Once while giving a gardening presentation I mentioned that I use my homemade compost in which to grow vegetable seedlings. A woman in the audience asked me how I prevented damping off. “Let me think about that,” I said. “I haven’t seen damping off for a few years. I think it’s that I’ve learned to water the vegetable sowings properly.”
Damping off occurs, just as with any other disease, within the “disease triangle.” The disease triangle is a concept that says that in order to have a disease you must have three things: the pathogen, a plant that is susceptible to the pathogen, and environmental conditions that are friendly to the pathogen.

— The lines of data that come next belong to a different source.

(* Suppose that the natural action of $G$ on $\mathcal M(S_G(M))$ makes it a definable $G$-flow, and that $G$ is definably strongly amenable. Then $G$ is definably amenable.
   Context: $M$ is a first-order structure, $G$ a group definable in $M$, and all types in $S_G(M)$ are definable (for each $p$ and formula $\varphi(x,y)$, $\{m:\varphi(x,m)\in p\}$ is definable). $\mathcal M(S_G(M))$ is the space of Keisler measures (finitely additive probability measures on the Boolean algebra $B_G(M)$ of $M$-definable subsets of $G$), a closed subset of $[0,1]^{B_G(M)}$ with the product topology, with $G$ acting by $(g\mu)(X)=\mu(g^{-1}X)$. A map $f:G\to C$ to a compact Hausdorff space is definable if for any disjoint closed $C_1,C_2$ the preimages are separated by a definable subset of $G$. A $G$-flow (action by homeomorphisms on a compact Hausdorff space) is definable if each orbit map $g\mapsto gx$ is definable; minimal if no proper nonempty closed invariant subset; proximal if for all $x,y$ there is a net $(g_i)$ with $\lim g_ix=\lim g_iy$. $G$ is definably strongly amenable if every minimal definable proximal $G$-flow is a single point, and definably amenable if there is a $G$-invariant Keisler measure on $G$ over $M$. *)

theory Defs
  imports "HOL-Analysis.Analysis" "HOL-Algebra.Group"
begin

text \<open>A first-order structure M (universe = type 'm) is presented by the
family S n of its definable (with parameters) subsets of M^n, where tuples are
lists of length n.  These are the axioms of a "structure on M" in the sense of
van den Dries, plus parameters (singletons definable).\<close>

definition fo_structure :: "(nat \<Rightarrow> 'm list set set) \<Rightarrow> bool" where
  "fo_structure S \<longleftrightarrow>
     (\<forall>n. S n \<subseteq> Pow {x. length x = n}) \<and>
     (\<forall>n. {x. length x = n} \<in> S n) \<and>
     (\<forall>n. \<forall>A\<in>S n. {x. length x = n} - A \<in> S n) \<and>
     (\<forall>n. \<forall>A\<in>S n. \<forall>B\<in>S n. A \<union> B \<in> S n) \<and>
     (\<forall>n. \<forall>A\<in>S n. {x @ [a] |x a. x \<in> A} \<in> S (Suc n)) \<and>
     (\<forall>n. \<forall>A\<in>S n. {a # x |a x. x \<in> A} \<in> S (Suc n)) \<and>
     (\<forall>n\<ge>1. {x. length x = n \<and> x ! 0 = x ! (n - 1)} \<in> S n) \<and>
     (\<forall>n. \<forall>A\<in>S (Suc n). butlast ` A \<in> S n) \<and>
     (\<forall>a. {[a]} \<in> S 1)"

definition definable_group :: "(nat \<Rightarrow> 'm list set set) \<Rightarrow> nat \<Rightarrow> 'm list monoid \<Rightarrow> bool" where
  "definable_group S k G \<longleftrightarrow> group G \<and> carrier G \<in> S k \<and>
     {x @ y @ (x \<otimes>\<^bsub>G\<^esub> y) |x y. x \<in> carrier G \<and> y \<in> carrier G} \<in> S (3 * k)"

definition defsubG :: "(nat \<Rightarrow> 'm list set set) \<Rightarrow> nat \<Rightarrow> 'm list monoid \<Rightarrow> 'm list set set" where
  "defsubG S k G = {A \<in> S k. A \<subseteq> carrier G}"

text \<open>S_G(M): complete types over M concentrating on G = ultrafilters of B_G(M).\<close>

definition typeG :: "(nat \<Rightarrow> 'm list set set) \<Rightarrow> nat \<Rightarrow> 'm list monoid \<Rightarrow> 'm list set set \<Rightarrow> bool" where
  "typeG S k G p \<longleftrightarrow> p \<subseteq> defsubG S k G \<and> carrier G \<in> p \<and> {} \<notin> p \<and>
     (\<forall>A\<in>p. \<forall>B\<in>p. A \<inter> B \<in> p) \<and>
     (\<forall>A\<in>p. \<forall>B\<in>defsubG S k G. A \<subseteq> B \<longrightarrow> B \<in> p) \<and>
     (\<forall>A\<in>defsubG S k G. A \<in> p \<or> carrier G - A \<in> p)"

definition definable_type :: "(nat \<Rightarrow> 'm list set set) \<Rightarrow> nat \<Rightarrow> 'm list monoid \<Rightarrow> 'm list set set \<Rightarrow> bool" where
  "definable_type S k G p \<longleftrightarrow>
     (\<forall>n. \<forall>\<phi>\<in>S (k + n). {m. length m = n \<and> {x \<in> carrier G. x @ m \<in> \<phi>} \<in> p} \<in> S n)"

definition all_types_definable :: "(nat \<Rightarrow> 'm list set set) \<Rightarrow> nat \<Rightarrow> 'm list monoid \<Rightarrow> bool" where
  "all_types_definable S k G \<longleftrightarrow> (\<forall>p. typeG S k G p \<longrightarrow> definable_type S k G p)"
lemma incidence_sets_not_all_parallel_same:
  assumes X: "incidence_set E \<rho> X" and Y: "incidence_set E \<rho> Y"
    and "a \<in> X" "b \<in> Y" and "\<rho> {a, b} = \<rho> {a} + \<rho> {b}" and "c \<in> X \<inter> Y"
    and "i \<in> I"
  shows "\<not> (all_parallel (r i) X \<and> all_parallel (r i) Y)"
proof
  assume "all_parallel (r i) X \<and> all_parallel (r i) Y"
  then have "parallel (r i) a c" "parallel (r i) c b"
    using assms(3,4,6) unfolding all_parallel_def by auto
  moreover have "a \<in> E" "b \<in> E" "c \<in> E"
    using assms(3,4,6) incidence_set_subset[OF X] incidence_set_subset[OF Y] by auto
  ultimately have "parallel (r i) a b"
    by (rule parallel_trans[OF matroid[OF \<open>i \<in> I\<close>]])
  then have "\<rho> {a, b} < \<rho> {a} + \<rho> {b}"
    using rank_pair_less_if_parallel[OF \<open>i \<in> I\<close>] \<open>a \<in> E\<close> \<open>b \<in> E\<close> by blast
  with \<open>\<rho> {a, b} = \<rho> {a} + \<rho> {b}\<close> show False
    by simp
qed

lemma incidence_sets_card_Int:
  assumes X: "incidence_set E \<rho> X" and Y: "incidence_set E \<rho> Y"
    and "a \<in> X" "b \<in> Y" and "\<rho> {a, b} = \<rho> {a} + \<rho> {b}" and "X \<inter> Y \<noteq> {}"
  shows "card (X \<inter> Y) = 1"
proof (rule ccontr)
  assume "card (X \<inter> Y) \<noteq> 1"
  moreover have "finite (X \<inter> Y)"
    using incidence_set_finite[OF X] by blast
  ultimately have "\<not> card (X \<inter> Y) \<le> Suc 0"
    using \<open>X \<inter> Y \<noteq> {}\<close> by (simp add: le_Suc_eq)
  then obtain c d where cd: "c \<in> X \<inter> Y" "d \<in> X \<inter> Y" "c \<noteq> d"
    using card_le_Suc0_iff_eq[OF \<open>finite (X \<inter> Y)\<close>] by blast
  obtain i where i: "i \<in> I" "all_parallel (r i) X"
    using incidence_set_ex_all_parallel[OF X] by blast
  obtain j where j: "j \<in> I" "all_parallel (r j) Y"
    using incidence_set_ex_all_parallel[OF Y] by blast
  have "i = j"
    using incidence_set_ex1_parallel[OF X _ _ cd(3)] cd i j unfolding all_parallel_def by blast
  then show False
    using incidence_sets_not_all_parallel_same[OF assms(1-5) cd(1) i(1)] i j by blast
qed

end

theorem lemma2p5:
  fixes E :: "'a set" and \<rho> :: "'a set \<Rightarrow> int" and k :: nat
    and r :: "nat \<Rightarrow> 'a set \<Rightarrow> int"
  assumes "polymatroid E \<rho>"
    and "\<forall>i\<in>{1..k}. matroid_rank E (r i)"
    and "\<forall>A. A \<subseteq> E \<longrightarrow> \<rho> A = (\<Sum>i\<in>{1..k}. r i A)"
  shows "(\<forall>X. incidence_set E \<rho> X \<longrightarrow>
            (\<exists>!i. i \<in> {1..k} \<and> all_parallel (r i) X)
          \<and> (\<forall>i\<in>{1..k}. all_parallel (r i) X \<longrightarrow>
               (\<forall>j\<in>{1..k}. j \<noteq> i \<longrightarrow> no_two_parallel (r j) X)
             \<and> (\<rho> X = 1 + (\<Sum>e\<in>X. \<rho> {e} - 1) \<longrightarrow>
                  (\<forall>j\<in>{1..k}. j \<noteq> i \<longrightarrow>
                     (\<forall>C. C \<subseteq> X \<and> circuit E (r j) C \<longrightarrow> card C = 1)))))
       \<and> (\<forall>X Y a b. incidence_set E \<rho> X \<and> incidence_set E \<rho> Y \<and> a \<in> X \<and> b \<in> Y
            \<and> \<rho> {a, b} = \<rho> {a} + \<rho> {b} \<and> X \<inter> Y \<noteq> {} \<longrightarrow>
            card (X \<inter> Y) = 1
          \<and> (\<forall>i\<in>{1..k}. \<forall>j\<in>{1..k}. all_parallel (r i) X \<and> all_parallel (r j) Y \<longrightarrow> i \<noteq> j))"
proof -
  interpret matroid_sum E \<rho> "{1..k}" r
    using assms(2,3) by unfold_locales auto
  show ?thesis
  proof (intro conjI allI impI ballI; (elim conjE)?)
    show "\<exists>!i. i \<in> {1..k} \<and> all_parallel (r i) X" if "incidence_set E \<rho> X" for X
      using incidence_set_ex1_all_parallel that .
  qed (use incidence_set_no_two_parallel incidence_set_circuit_card incidence_sets_card_Int
      incidence_sets_not_all_parallel_same in blast)+
qed

end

Remove any single side of the triangle and you remove the disease.
My routine when starting vegetable seeds in compost
My routine when starting vegetable seeds in compost does not consider the first two sides of the disease triangle, but it does eliminate the third side — friendly environmental conditions — and that is all that’s necessary.
The University of California’s Integrated Pest Management page for damping off says that conditions are friendly to microbes that cause damping off when seeds are planted in cold wet soil, when soil drainage is poor, when seeds are planted too deeply, and when “green” compost is used. The short of it is that conditions have to be consistently wet, which makes sense since the disease is called damping off.
But we are largely in control of these conditions. My routine is to thoroughly water the compost before sowing and then to almost never water the compost again after sowing seeds and before the seedlings have emerged. I keep my trays of seedlings in full shade, either in my garage or under the shade of a tree. Almost always, the compost maintains enough moisture to germinate the seeds without ever even a light misting.
In other words, I remove the possibility for damping off by not overwatering.
An additional key practice is to move the seedlings into full sun all day long immediately after germination. This is necessary for their continued growth (so they don’t become spindly), and it incidentally helps prevent damping off.
Once the seedlings are in full sun, then you can begin watering as the compost loses moisture from evaporation and from the seedling drawing it out.
This compost is not that compost
As all composts are different, and there may be some in which vegetable seedlings don’t grow very well, let me mention what mine is generally made of. It’s something I think of as “chicken compost” because it comes from my chicken pen, which is stationed directly over the natural ground in our yard, and which I cover with a bedding of wood chips (at least one foot deep at first). Then over time I add garden scraps, food waste, weeds, urine, and then the chickens add their manure. Sometimes I also add manure from a neighbor’s horses.
In conclusion, I’m not saying that you should start vegetables in compost. I’m only saying that I know firsthand that you can, and that compost can start vegetable seedlings very well. Many other gardeners have been doing so for many years too.